BRIEF – If a line in the entries below includes the string "intro", copy it out.

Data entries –
lemma hybridlinear_imp_wqo:
  assumes "hybridlinear X"
  shows "wqo_on_set X (shift_le (nat_preservants X))"
proof -
  obtain B F where "finite B" "finite F" and X: "X = {b + v | b v. b \<in> B \<and> v \<in> nat_gen F}"
    using assms unfolding hybridlinear_def by blast
  then have X_cosets: "X = (\<Union>b\<in>B. (+) b ` nat_gen F)"
    by auto
  have "w \<in> nat_preservants X" if "w \<in> nat_gen F" for w
    unfolding nat_preservants_def
  proof (intro CollectI ballI)
    fix x assume "x \<in> X"
    then obtain b v where "b \<in> B" "v \<in> nat_gen F" "x = b + v"
      unfolding X by blast
    moreover have "v + w \<in> nat_gen F"
      using add_submonoid_nat_gen \<open>v \<in> nat_gen F\<close> that unfolding add_submonoid_def by blast
    ultimately show "x + w \<in> X"
      unfolding X by (metis (mono_tags, lifting) add.assoc mem_Collect_eq)
  qed
  then have shift_le_mono: "shift_le (nat_gen F) x y \<Longrightarrow> shift_le (nat_preservants X) x y" for x y
    unfolding shift_le_def by blast
  have "finite {m. minimal_in (shift_le (nat_preservants X)) S m}" (is "finite ?M")
    if "S \<subseteq> X" for S
  proof -
    have "?M \<subseteq> X"
      using that unfolding minimal_in_def by blast
    then have "?M = (\<Union>b\<in>B. ?M \<inter> (+) b ` nat_gen F)"
      unfolding X_cosets Int_UN_distrib[symmetric] by (rule Int_absorb2[symmetric])
    moreover have "finite (?M \<inter> (+) b ` nat_gen F)" for b
    proof (rule antichain_in_nat_gen_coset_finite[OF \<open>finite F\<close> Int_lower2])
      show "\<forall>x\<in>?M \<inter> (+) b ` nat_gen F. \<forall>y\<in>?M \<inter> (+) b ` nat_gen F.
          shift_le (nat_gen F) x y \<longrightarrow> x = y"
        unfolding minimal_in_def using shift_le_mono by blast
    qed
    then have "finite (\<Union>b\<in>B. ?M \<inter> (+) b ` nat_gen F)"
      using \<open>finite B\<close> by blast
    ultimately show ?thesis
      by (simp only:)
  qed
  then show ?thesis
    unfolding wqo_on_set_def
    by (simp add: partial_order_shift_le add_submonoid_nat_preservants well_founded_shift_le)
qed

lemma nat_gen_add_atoms:
  fixes Q :: "(nat ^ 'n::finite) set"
  assumes "add_submonoid Q" and "finite (add_atoms Q)"
  shows "nat_gen (add_atoms Q) = Q"
proof
  show "nat_gen (add_atoms Q) \<subseteq> Q"
    using assms by (intro nat_gen_subset) (auto simp: add_atoms_def)
next
  have gen: "add_submonoid (nat_gen (add_atoms Q))"
    by (rule add_submonoid_nat_gen)
  show "Q \<subseteq> nat_gen (add_atoms Q)"
  proof
    fix q assume "q \<in> Q"
    then show "q \<in> nat_gen (add_atoms Q)"
    proof (induction q rule: measure_induct_rule[of "\<lambda>q. \<Sum>i\<in>UNIV. q $ i"])
      case (less q)
      consider "q = 0" | "q \<in> add_atoms Q"
        | u v where "u \<in> Q" "v \<in> Q" "u \<noteq> 0" "v \<noteq> 0" "q = u + v"
        using less.prems unfolding add_atoms_def by auto
      then show ?case
      proof cases
        case 1
        with gen show ?thesis
          unfolding add_submonoid_def by simp
      next
        case 2
        with assms(2) show ?thesis
          by (rule generator_in_nat_gen)
      next
        case 3
        have "(\<Sum>i\<in>UNIV. u $ i) < (\<Sum>i\<in>UNIV. q $ i)"
          using component_sum_less[of v u] 3 by simp
        moreover have "(\<Sum>i\<in>UNIV. v $ i) < (\<Sum>i\<in>UNIV. q $ i)"
          using component_sum_less[of u v] 3 by (simp add: add.commute)
        ultimately have "u \<in> nat_gen (add_atoms Q)" "v \<in> nat_gen (add_atoms Q)"
          using less.IH 3 by blast+
        with gen \<open>q = u + v\<close> show ?thesis
          unfolding add_submonoid_def by blast
      qed
    qed
  qed
qed

lemma wqo_finite_add_atoms:
  assumes "x \<in> X" and "wqo_on_set X (shift_le (nat_preservants X))"
  shows "finite (add_atoms (nat_preservants X))"
proof -
  let ?A = "add_atoms (nat_preservants X)"
  have "finite ((+) x ` ?A)"
  proof (rule wqo_on_set_antichain_finite[OF assms(2)])
    show "(+) x ` ?A \<subseteq> X"
      using assms(1) unfolding add_atoms_def nat_preservants_def by blast
    have "a' = a" if "a \<in> ?A" "a' \<in> ?A" "a = a' + q" "q \<in> nat_preservants X" for a a' q
      using that unfolding add_atoms_def by auto
    then show "\<forall>y\<in>(+) x ` ?A. \<forall>z\<in>(+) x ` ?A. shift_le (nat_preservants X) y z \<longrightarrow> y = z"
      unfolding shift_le_def by (auto simp: add.assoc)
  qed
  then show ?thesis
    by (rule finite_imageD) (simp add: inj_on_def)
qed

REPLY TO THE TASK –
  proof (intro CollectI ballI)
    using assms by (intro nat_gen_subset) (auto simp: add_atoms_def)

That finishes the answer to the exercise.